Action item: Print exactly the lines below between the line holding "Context: For a connected" and the line holding "(\<forall>i. Suc i", inclusive, and nothing more.

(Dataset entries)
Start of Block

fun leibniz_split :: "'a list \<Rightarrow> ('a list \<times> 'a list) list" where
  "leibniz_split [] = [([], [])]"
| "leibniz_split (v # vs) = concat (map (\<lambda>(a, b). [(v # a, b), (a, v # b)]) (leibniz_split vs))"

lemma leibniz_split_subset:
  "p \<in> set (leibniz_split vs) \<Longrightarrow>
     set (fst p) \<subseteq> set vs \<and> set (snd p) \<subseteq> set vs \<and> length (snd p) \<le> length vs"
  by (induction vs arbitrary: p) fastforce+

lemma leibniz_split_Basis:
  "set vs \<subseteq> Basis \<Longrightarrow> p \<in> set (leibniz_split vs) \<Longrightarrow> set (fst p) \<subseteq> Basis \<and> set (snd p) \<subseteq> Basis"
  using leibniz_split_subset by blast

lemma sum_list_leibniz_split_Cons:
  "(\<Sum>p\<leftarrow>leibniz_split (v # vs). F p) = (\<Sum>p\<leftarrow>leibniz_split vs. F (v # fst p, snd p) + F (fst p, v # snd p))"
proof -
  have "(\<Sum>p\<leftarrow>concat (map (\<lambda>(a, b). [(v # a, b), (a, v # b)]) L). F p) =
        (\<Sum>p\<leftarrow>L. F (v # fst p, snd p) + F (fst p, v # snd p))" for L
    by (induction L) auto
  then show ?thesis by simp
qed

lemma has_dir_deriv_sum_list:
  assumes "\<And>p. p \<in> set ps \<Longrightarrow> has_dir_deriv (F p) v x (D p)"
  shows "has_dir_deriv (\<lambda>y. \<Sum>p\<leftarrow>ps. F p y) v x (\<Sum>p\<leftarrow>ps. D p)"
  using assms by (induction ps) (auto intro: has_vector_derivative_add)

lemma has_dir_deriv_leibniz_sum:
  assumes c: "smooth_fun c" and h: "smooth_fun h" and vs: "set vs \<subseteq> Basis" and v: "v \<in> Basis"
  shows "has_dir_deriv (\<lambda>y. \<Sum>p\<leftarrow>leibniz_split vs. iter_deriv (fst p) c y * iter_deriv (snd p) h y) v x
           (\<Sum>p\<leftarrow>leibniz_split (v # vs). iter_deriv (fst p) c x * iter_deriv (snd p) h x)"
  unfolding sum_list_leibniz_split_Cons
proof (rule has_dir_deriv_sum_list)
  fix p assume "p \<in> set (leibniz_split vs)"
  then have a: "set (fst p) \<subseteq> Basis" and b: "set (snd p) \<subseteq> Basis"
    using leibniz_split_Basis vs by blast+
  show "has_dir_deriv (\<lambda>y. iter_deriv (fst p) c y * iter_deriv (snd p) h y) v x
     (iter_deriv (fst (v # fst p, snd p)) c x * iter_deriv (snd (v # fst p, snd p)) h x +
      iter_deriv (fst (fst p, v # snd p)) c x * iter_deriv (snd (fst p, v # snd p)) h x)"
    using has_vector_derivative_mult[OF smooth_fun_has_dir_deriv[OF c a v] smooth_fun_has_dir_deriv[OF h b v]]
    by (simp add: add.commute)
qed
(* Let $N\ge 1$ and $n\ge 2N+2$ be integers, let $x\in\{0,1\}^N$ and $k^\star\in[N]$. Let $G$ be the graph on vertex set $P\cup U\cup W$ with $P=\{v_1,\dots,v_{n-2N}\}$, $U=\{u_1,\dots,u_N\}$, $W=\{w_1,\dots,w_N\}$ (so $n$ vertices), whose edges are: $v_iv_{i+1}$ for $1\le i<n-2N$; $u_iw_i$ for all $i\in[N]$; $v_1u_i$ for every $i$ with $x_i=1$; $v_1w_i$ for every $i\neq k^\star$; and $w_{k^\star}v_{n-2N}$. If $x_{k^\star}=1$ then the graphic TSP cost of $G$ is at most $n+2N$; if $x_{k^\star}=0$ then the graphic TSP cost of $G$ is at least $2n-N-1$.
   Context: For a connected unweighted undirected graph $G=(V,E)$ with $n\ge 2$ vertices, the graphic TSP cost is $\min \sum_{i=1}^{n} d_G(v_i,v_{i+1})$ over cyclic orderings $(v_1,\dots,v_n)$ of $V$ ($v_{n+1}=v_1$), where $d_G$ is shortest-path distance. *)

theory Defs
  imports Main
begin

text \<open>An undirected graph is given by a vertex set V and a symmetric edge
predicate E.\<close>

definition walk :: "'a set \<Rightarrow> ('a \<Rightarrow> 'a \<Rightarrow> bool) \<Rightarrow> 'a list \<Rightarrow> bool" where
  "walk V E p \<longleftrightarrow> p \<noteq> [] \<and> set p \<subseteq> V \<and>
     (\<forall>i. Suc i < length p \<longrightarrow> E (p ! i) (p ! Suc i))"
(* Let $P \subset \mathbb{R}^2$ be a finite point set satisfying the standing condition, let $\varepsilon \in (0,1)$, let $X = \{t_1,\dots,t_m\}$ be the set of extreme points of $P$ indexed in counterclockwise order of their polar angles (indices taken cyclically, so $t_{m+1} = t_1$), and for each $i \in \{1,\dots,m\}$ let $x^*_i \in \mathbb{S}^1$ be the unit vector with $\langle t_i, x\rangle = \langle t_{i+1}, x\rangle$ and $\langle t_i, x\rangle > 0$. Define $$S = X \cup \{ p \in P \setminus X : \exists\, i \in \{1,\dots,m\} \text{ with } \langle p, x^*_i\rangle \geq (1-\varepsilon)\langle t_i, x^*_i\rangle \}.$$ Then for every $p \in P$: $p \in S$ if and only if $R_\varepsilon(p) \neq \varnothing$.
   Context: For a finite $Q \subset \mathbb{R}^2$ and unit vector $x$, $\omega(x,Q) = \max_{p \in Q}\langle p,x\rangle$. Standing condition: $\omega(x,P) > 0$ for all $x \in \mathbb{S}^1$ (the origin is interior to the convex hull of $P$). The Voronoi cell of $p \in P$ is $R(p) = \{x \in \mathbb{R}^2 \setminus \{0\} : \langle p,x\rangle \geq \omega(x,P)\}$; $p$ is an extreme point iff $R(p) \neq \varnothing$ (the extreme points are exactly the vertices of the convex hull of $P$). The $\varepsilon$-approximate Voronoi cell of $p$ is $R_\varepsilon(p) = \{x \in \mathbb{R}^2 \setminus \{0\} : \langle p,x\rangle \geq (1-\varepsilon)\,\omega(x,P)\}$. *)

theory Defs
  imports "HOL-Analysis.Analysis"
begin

End of Block

Exercise output:
   Context: For a connected unweighted undirected graph $G=(V,E)$ with $n\ge 2$ vertices, the graphic TSP cost is $\min \sum_{i=1}^{n} d_G(v_i,v_{i+1})$ over cyclic orderings $(v_1,\dots,v_n)$ of $V$ ($v_{n+1}=v_1$), where $d_G$ is shortest-path distance. *)

theory Defs
  imports Main
begin

text \<open>An undirected graph is given by a vertex set V and a symmetric edge
predicate E.\<close>

definition walk :: "'a set \<Rightarrow> ('a \<Rightarrow> 'a \<Rightarrow> bool) \<Rightarrow> 'a list \<Rightarrow> bool" where
  "walk V E p \<longleftrightarrow> p \<noteq> [] \<and> set p \<subseteq> V \<and>
     (\<forall>i. Suc i < length p \<longrightarrow> E (p ! i) (p ! Suc i))"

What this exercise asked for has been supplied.